___ Data records ___
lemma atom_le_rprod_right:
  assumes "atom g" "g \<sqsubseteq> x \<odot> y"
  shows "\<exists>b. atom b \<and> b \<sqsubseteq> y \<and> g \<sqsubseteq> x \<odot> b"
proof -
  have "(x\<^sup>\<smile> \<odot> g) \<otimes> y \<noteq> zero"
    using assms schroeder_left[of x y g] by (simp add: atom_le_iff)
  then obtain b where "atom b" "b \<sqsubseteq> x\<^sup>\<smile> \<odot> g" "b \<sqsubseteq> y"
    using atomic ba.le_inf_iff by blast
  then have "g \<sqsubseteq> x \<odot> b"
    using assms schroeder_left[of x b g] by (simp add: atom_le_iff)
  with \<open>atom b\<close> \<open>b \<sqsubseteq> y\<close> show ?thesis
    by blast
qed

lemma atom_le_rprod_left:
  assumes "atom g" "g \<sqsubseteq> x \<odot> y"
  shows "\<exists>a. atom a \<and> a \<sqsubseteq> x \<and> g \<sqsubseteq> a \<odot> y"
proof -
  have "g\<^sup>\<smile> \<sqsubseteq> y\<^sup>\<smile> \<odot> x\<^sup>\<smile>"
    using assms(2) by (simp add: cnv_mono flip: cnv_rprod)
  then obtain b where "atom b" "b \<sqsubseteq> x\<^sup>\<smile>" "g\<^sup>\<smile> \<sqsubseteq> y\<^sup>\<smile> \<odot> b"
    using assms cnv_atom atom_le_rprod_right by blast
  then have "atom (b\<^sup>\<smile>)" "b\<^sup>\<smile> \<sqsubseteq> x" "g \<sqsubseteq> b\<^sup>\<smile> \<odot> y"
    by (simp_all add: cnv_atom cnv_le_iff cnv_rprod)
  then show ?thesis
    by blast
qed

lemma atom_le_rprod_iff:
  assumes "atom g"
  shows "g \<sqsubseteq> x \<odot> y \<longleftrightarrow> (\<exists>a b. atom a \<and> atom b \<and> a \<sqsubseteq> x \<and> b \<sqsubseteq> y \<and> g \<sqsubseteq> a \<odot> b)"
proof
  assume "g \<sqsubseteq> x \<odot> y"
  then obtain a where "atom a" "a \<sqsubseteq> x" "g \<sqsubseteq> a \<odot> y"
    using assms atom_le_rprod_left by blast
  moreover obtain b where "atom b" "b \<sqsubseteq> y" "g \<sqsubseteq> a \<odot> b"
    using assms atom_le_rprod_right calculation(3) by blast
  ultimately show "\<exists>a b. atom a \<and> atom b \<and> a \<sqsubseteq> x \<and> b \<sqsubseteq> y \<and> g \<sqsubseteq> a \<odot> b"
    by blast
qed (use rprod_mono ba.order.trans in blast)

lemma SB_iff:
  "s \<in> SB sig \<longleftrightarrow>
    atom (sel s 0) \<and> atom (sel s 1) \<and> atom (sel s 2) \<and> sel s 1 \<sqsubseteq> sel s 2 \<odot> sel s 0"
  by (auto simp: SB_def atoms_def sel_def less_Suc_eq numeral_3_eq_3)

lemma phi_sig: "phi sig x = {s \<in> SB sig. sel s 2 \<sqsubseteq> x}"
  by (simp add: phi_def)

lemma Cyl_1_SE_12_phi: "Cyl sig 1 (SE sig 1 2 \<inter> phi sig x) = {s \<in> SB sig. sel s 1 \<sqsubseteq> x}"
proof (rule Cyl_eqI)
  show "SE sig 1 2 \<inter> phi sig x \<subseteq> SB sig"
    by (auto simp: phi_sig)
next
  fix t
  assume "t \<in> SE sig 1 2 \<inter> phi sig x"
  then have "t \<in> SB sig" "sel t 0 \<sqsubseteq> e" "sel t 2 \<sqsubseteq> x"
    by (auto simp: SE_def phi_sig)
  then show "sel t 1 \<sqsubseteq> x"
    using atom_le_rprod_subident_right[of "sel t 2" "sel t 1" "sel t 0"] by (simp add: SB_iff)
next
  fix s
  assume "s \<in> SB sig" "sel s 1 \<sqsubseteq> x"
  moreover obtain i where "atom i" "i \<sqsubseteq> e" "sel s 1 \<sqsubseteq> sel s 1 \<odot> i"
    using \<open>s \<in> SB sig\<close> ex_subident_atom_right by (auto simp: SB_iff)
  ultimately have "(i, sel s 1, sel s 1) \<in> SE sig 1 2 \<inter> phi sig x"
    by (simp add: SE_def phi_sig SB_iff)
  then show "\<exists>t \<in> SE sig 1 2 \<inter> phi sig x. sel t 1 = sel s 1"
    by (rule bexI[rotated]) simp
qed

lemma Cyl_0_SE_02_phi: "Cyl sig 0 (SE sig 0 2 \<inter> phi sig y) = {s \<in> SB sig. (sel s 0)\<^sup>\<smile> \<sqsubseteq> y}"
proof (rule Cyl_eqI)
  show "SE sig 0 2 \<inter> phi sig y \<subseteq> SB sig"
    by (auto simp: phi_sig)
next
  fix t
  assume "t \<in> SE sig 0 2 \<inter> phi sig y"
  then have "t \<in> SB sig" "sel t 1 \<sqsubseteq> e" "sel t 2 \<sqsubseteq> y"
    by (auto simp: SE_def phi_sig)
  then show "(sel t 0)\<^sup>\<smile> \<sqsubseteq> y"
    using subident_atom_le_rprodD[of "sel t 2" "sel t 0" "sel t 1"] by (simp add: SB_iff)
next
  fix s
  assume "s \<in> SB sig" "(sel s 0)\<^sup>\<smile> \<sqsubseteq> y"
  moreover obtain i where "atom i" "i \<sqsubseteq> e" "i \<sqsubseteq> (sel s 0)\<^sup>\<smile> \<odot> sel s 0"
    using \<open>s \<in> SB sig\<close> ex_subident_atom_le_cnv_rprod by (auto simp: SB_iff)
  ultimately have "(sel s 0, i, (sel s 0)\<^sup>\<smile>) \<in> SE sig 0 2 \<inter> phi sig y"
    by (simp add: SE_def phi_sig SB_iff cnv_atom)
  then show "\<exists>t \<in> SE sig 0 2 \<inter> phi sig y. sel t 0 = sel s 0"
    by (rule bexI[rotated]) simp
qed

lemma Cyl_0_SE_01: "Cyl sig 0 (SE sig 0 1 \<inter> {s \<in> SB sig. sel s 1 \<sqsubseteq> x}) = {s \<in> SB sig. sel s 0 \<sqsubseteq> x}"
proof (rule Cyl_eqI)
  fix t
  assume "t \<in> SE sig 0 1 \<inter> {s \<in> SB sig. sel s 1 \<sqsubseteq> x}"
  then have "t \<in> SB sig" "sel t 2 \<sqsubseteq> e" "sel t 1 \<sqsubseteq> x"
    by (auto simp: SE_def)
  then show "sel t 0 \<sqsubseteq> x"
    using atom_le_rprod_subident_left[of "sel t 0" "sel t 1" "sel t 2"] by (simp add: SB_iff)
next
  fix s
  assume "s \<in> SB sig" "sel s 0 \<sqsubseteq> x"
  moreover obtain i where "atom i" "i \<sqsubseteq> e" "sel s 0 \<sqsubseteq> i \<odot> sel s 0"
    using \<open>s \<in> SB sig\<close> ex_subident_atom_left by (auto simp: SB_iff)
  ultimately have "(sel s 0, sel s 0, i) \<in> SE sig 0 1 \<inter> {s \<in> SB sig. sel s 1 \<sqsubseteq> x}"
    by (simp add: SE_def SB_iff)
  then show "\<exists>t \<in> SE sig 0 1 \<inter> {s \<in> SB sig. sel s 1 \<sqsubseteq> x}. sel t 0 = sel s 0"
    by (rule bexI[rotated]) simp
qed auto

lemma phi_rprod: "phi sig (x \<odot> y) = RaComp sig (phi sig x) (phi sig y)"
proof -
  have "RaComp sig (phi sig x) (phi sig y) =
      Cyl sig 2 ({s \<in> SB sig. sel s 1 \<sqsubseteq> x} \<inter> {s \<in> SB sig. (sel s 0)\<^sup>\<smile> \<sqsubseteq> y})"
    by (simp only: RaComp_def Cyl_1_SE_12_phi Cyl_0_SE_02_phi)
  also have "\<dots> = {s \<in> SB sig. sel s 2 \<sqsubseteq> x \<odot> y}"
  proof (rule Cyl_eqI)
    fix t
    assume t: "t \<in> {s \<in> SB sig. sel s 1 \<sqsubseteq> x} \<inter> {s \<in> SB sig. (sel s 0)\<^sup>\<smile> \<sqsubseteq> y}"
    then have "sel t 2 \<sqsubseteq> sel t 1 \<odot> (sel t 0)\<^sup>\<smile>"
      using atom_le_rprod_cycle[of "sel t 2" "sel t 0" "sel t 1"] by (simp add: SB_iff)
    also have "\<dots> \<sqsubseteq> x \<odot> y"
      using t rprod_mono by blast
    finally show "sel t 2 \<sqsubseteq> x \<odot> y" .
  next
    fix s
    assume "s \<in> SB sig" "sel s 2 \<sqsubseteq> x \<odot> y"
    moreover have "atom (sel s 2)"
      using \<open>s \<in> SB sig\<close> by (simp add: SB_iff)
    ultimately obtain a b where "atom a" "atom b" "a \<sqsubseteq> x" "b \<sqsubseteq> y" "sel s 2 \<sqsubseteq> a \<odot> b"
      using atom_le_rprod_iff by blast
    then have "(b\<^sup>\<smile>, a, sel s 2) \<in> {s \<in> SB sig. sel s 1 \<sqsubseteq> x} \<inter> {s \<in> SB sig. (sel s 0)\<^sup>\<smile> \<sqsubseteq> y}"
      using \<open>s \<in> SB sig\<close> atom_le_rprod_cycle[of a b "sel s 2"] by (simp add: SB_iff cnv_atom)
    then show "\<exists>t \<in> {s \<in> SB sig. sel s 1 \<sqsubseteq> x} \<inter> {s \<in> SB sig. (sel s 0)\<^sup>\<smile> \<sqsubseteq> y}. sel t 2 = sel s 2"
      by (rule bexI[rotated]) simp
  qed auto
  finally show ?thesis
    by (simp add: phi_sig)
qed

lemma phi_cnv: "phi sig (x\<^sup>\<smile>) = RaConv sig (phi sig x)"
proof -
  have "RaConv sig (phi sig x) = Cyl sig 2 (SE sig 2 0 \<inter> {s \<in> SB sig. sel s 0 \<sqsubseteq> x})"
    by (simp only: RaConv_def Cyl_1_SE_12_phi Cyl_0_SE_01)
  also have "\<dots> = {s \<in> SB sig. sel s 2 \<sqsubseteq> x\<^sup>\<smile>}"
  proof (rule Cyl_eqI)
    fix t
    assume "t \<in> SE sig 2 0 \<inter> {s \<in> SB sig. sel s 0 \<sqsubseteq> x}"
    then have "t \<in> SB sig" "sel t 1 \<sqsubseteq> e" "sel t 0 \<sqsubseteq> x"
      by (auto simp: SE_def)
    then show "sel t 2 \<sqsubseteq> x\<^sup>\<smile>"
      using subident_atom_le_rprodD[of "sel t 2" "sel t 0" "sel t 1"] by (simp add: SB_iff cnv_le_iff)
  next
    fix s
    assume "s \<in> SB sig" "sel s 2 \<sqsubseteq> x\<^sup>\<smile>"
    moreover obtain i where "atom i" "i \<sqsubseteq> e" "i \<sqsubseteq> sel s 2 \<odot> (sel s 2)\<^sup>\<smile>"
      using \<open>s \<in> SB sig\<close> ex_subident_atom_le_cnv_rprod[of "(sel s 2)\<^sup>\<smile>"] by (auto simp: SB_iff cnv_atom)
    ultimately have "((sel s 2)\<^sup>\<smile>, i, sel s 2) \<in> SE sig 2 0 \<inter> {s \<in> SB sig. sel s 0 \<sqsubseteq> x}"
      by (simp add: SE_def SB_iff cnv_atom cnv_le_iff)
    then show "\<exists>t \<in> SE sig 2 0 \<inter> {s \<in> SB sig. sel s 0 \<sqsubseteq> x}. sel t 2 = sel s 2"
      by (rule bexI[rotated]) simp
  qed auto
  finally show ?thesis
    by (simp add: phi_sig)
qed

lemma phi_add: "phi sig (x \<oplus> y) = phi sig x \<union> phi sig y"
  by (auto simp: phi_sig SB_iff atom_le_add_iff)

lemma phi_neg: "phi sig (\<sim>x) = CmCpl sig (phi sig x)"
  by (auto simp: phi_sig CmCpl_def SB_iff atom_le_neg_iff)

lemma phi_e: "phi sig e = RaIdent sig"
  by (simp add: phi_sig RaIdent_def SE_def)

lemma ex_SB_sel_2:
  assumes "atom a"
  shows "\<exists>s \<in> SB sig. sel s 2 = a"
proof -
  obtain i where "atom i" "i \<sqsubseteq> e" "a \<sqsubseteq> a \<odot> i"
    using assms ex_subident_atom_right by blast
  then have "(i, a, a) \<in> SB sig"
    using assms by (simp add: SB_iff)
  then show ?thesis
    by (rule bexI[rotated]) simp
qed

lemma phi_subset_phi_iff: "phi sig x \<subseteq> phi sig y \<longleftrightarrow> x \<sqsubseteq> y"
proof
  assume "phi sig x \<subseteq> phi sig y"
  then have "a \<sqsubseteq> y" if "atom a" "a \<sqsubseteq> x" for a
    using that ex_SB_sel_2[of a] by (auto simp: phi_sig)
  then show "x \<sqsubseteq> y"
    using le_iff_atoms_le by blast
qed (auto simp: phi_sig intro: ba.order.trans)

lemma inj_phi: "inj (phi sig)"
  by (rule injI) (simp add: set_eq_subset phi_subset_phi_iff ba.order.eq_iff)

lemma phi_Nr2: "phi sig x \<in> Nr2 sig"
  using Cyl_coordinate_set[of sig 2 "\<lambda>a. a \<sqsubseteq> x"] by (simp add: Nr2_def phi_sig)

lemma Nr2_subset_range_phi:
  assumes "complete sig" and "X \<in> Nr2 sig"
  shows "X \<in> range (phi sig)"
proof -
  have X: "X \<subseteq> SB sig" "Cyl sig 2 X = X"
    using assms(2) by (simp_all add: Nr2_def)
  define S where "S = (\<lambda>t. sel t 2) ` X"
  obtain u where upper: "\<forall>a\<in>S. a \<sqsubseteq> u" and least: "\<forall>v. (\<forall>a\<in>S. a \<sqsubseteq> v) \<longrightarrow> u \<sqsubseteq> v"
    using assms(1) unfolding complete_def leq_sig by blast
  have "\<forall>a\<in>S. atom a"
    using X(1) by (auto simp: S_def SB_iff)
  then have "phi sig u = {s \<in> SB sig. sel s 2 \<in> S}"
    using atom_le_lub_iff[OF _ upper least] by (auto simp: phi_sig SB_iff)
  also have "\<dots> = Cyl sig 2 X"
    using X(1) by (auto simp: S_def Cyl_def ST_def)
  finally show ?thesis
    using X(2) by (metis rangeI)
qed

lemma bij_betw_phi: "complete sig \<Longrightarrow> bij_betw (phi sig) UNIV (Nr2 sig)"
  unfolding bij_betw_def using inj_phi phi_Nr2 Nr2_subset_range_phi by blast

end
___
___ Data records ___
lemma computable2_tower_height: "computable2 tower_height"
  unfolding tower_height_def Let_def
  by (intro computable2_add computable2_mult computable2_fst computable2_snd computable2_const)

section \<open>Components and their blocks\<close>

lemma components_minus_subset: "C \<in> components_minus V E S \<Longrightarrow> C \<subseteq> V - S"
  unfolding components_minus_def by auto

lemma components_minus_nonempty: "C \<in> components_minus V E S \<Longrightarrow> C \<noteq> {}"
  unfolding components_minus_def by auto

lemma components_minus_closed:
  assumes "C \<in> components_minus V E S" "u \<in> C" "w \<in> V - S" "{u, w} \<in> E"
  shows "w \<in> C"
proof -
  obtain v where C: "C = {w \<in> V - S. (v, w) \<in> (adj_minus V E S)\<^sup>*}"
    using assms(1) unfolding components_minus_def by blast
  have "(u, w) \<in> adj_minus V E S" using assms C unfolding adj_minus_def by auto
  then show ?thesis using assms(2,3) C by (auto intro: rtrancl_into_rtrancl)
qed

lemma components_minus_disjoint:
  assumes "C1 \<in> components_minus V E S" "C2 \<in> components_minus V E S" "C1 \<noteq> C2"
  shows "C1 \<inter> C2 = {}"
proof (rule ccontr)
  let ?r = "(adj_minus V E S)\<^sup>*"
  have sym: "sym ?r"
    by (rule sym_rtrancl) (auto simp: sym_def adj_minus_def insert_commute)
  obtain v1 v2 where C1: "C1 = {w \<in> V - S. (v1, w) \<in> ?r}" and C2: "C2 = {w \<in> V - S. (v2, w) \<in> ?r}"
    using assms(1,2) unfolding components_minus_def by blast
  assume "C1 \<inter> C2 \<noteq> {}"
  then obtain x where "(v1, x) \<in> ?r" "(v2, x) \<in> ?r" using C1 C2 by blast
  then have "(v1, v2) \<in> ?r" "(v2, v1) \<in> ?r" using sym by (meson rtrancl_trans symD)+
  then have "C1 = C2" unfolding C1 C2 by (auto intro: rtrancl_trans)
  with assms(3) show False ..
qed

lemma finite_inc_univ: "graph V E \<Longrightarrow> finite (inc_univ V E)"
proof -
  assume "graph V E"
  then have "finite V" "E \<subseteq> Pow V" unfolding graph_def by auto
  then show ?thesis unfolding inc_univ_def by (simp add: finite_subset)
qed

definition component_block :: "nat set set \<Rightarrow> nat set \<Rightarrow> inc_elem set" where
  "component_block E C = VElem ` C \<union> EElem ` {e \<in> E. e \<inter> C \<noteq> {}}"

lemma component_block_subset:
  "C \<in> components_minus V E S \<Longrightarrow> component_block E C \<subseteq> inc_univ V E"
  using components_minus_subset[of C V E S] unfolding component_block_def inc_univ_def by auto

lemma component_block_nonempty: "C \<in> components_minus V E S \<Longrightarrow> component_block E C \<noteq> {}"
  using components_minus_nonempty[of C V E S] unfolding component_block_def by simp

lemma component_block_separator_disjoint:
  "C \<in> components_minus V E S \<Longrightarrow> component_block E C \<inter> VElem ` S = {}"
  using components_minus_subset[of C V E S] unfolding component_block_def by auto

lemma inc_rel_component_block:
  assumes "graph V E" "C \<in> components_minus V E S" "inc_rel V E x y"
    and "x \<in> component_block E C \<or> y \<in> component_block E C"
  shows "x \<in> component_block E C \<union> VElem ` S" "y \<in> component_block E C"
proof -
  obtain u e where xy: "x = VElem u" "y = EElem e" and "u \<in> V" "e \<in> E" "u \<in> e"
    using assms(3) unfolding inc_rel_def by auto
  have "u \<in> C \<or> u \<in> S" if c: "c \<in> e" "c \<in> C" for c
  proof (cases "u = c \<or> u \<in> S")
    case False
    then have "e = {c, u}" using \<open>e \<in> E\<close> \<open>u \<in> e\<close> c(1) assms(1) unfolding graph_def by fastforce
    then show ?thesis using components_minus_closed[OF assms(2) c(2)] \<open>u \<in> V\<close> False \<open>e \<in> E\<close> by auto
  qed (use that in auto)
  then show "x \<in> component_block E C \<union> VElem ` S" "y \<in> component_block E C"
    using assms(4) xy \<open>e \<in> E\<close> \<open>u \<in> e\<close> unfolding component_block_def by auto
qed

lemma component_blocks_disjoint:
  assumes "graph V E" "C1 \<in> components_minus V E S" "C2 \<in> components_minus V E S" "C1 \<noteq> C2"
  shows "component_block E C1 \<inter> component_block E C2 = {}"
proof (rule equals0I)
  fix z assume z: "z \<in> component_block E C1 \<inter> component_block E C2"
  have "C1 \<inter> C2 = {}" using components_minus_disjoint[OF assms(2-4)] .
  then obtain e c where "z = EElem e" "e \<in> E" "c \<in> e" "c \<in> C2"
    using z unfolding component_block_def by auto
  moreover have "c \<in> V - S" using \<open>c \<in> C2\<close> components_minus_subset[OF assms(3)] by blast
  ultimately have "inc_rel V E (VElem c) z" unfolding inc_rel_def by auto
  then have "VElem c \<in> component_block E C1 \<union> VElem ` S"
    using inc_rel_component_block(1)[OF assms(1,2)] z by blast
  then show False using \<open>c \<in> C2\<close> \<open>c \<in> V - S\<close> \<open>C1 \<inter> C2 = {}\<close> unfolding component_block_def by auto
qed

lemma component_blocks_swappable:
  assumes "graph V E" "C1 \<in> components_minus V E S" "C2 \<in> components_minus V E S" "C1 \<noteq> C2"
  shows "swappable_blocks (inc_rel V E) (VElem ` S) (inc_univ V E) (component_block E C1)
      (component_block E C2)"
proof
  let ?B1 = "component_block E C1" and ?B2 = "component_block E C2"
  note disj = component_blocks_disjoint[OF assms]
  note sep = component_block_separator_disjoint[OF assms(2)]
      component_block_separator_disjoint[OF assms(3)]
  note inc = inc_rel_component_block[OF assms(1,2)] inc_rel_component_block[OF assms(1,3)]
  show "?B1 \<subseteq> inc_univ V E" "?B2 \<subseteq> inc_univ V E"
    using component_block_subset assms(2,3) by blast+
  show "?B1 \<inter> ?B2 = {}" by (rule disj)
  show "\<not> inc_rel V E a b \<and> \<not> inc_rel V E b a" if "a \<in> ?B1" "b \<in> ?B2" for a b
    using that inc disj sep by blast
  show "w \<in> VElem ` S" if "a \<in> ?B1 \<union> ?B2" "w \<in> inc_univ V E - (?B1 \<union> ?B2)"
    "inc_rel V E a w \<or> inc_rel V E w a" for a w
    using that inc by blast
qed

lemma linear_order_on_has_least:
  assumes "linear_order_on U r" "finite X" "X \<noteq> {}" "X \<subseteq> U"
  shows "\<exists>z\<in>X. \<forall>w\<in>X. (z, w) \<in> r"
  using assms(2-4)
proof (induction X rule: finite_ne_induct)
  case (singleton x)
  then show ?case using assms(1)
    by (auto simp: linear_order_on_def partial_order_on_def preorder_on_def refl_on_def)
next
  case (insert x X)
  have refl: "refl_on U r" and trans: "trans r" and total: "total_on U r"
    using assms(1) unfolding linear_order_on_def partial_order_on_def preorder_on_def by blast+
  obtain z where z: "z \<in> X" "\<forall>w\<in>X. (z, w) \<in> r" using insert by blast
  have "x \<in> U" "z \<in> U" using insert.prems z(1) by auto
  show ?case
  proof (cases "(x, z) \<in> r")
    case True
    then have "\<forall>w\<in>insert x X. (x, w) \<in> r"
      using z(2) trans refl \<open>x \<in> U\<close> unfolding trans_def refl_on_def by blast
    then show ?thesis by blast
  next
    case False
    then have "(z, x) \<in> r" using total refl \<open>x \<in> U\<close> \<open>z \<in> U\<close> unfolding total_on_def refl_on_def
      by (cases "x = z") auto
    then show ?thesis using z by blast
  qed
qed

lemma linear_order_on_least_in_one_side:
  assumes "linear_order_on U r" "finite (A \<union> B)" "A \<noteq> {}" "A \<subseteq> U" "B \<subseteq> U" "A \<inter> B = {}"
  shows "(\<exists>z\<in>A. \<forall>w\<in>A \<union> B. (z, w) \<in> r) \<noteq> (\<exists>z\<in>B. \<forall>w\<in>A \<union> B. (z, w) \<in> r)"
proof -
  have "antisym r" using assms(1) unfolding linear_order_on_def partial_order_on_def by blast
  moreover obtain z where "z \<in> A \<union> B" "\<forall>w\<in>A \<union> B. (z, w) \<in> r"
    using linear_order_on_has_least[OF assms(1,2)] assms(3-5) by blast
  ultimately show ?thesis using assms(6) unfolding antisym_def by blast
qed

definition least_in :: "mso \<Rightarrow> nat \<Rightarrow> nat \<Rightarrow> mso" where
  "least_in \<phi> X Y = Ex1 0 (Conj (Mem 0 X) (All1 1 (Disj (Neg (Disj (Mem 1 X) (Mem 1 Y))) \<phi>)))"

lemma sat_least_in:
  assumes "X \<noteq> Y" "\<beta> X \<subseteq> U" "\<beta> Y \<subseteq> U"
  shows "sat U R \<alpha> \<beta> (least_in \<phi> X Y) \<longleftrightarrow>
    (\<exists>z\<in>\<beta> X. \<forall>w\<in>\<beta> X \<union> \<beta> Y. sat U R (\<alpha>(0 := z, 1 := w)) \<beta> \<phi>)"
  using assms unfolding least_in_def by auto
___
— Problem description —
Show every line of the records above that contains the word "False".

— Response to the task —
  with assms(3) show False ..
    case False
    then show ?thesis using components_minus_closed[OF assms(2) c(2)] \<open>u \<in> V\<close> False \<open>e \<in> E\<close> by auto
  then show False using \<open>c \<in> C2\<close> \<open>c \<in> V - S\<close> \<open>C1 \<inter> C2 = {}\<close> unfolding component_block_def by auto
    case False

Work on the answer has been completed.